A Brief Thought on Christology
"Conservative evangelical faith asserts, with traditional orthodoxy, that Christ was both God and Man; but the actual emphasis is heavily on his being God. It is because he is the Son of God that his suffering makes atonement...the story of the virgin birth shows that Jesus was more than merely human; and a Jesus who was merely human, however sublime and noble a man, could not have functioned in atonement as conservative evangelicals understand it...He is never merely teacher or leader or perfect man...Conservatives are nervous about any tendency which would understate the divine character of Christ; they are not equally sensitive about any tendency which would understate his humanity. 'Liberalism' and 'humanism,' as they imagine them, tend towards a human Jesus, and they in opposition tend towards a being who not only comes from God but is God..." (p.28)
and this:
"While traditional orthodoxy holds that Christ is both God and man...the emphasis of fundamentalist religion falls heavily on the deity of Christ. He is indeed man, but the essential thing to affirm is that he is God. This becomes stronger when one turns away from informed conservative apologetics and looks at the ordinary fundamentalist believer. He has probably never heard of Athanasius and knows nothing of the idea that Christ is equally God and man. What he believes about him is that he is God. He is God walking about and teaching in a man's body. Everyone knows that Jesus is a man, no virtue and no value is to be got from recognizing that he is a man; it is the recognition that he is God that counts...to put it negatively...any approach to Jesus that starts out from Jesus as man falls under suspicion and has to be rejected, unless it is immedaitely qualified with an even stronger assertion that he is God." (p. 168)
I was thinking about this and I remembered how shocked I was, in one of my religious studies classes, when Father Burns asked us, "If Jesus was human--'like us in all things except sin' [Philippians]--does that mean he maybe didn't know what he wanted to do with his life? That he could screw up a quote? That he was confused and discouraged at times? That he had wet dreams?" Getting comfortable with that idea made me realize that I had never really grappled with the idea of Jesus being intellectually and emotionally human. Not really.
The evangelical Jesus is about as minimally human as Jesus could be and still have a human body--if I may put it bluntly, he's sort of God with meat on top. (Well-behaved meat, too; I never pictured Jesus with so much as morning wood.) He's a God who (temporarily) gets thirsty and tired and killable and that's pretty much all. And it just now struck me that there's an interesting theory you can get from this: The more difficulty you have picturing Jesus as geniunely human, the more likely it is that your theology thinks of humanity as contemptible. (And while I'm not ready to stand behind this next statement fully, it quite possibly follows from this that the more contemptuous of humanity your theology is, the more likely it is to have a punitive, potentially cruel model of holiness.)
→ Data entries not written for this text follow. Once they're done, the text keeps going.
lemma nonneg_integral_eq_0_imp_vanishes_on_msupp:
  fixes h :: "real \<Rightarrow> real"
  assumes M: "concentrated_on M K" and h: "h \<in> borel_measurable borel" "continuous_on K h"
    and nonneg: "\<And>x. x \<in> K \<Longrightarrow> 0 \<le> h x" and int0: "(\<integral>x. h x \<partial>M) = 0"
    and x0: "x0 \<in> msupp M" "x0 \<in> K"
  shows "h x0 = 0"
proof (rule ccontr)
  assume "h x0 \<noteq> 0"
  hence pos: "0 < h x0"
    using nonneg[OF x0(2)] by simp
  have "AE x in M. h x = 0"
  proof (subst integral_nonneg_eq_0_iff_AE[symmetric])
    show "integrable M h"
      by (rule integrable_concentrated_on_continuous[OF M h])
    show "AE x in M. 0 \<le> h x"
      using AE_concentrated_on[OF M] by eventually_elim (rule nonneg)
  qed (rule int0)
  obtain d where d: "d > 0" "\<And>x. x \<in> K \<Longrightarrow> dist x x0 < d \<Longrightarrow> dist (h x) (h x0) < h x0"
    using h(2) x0(2) pos unfolding continuous_on_iff by blast
  have "AE x in M. x \<notin> ball x0 d"
    using AE_concentrated_on[OF M] \<open>AE x in M. h x = 0\<close>
  proof eventually_elim
    case (elim x)
    thus ?case
      using d(2)[of x] by (auto simp: dist_commute dist_real_def)
  qed
  moreover have "ball x0 d \<in> sets M"
    using M unfolding concentrated_on_def by simp
  ultimately have "emeasure M (ball x0 d) = 0"
    using space_concentrated_on[OF M] by (subst (asm) AE_iff_measurable) auto
  thus False
    using x0(1) d(1) unfolding msupp_def by blast
qed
I'm not ready to fold this observation into a chapter yet, but I thought I'd toss it out there in case anyone wants to think about it or discuss it.
Labels: religion
5 Comments:
Coincidentally, I just read an opinion piece in the Jerusalem Post by Shmuley Boteach. I disagree with much of what Rabbi Boteach writes, but what he had to say about the late Lubavitcher Rebbe is a striking contrast to what you write about evangelicals' approach towards Jesus:
Indeed, what made the Rebbe great was that he was a mortal man. Like us, he was fallible. Like us, he wrestled with the limitations of his humanity. But, unlike us, he transcended the human predilection to selfishness and led a life of staggering altruism.
Unlike Christianity, which insists that Jesus was either divine or an impostor, we Jews have no patience for god-men, so distant as they are from our struggles and tribulations. What really turns us on is imperfect people who wrestle with their nature and contribute vastly to the perfection of the world.
Had the Rebbe been more than just human, his greatness would have been intuitive and consequently unimpressive.
Hey, thanks! That's a wonderful quote!
By the way, I have no idea what Schmuley Boteach writes, but I gotta say: I love pronouncing his name!
By the way, you'd like my friend Real Live Preacher (www.reallivepreacher.com) when he gets back online (technical difficulties this week). He's a Christian, but he has a sense of humor, isn't hiding his eyes on the big questions, and doesn't suck. Impressive in a pastor. Gives me hope enough to avoid becoming a Hitchins.
Incredible post. I completely agree (I think :) ) to your conclusion on humanity and religion. In fact while I was reading it it occurred to me as to how "divine" it would be to focus on the human-ness of Jesus and it is in the human-ness that mankind is really redeemed--the divinity is just a diploma that allows access--it was the humanity that was the internship. AND--why not up-play G-d's greatest creation and the miracle that entails; instead of always relegating humans to "oiginal sin" and other such "contemptuous paradigms".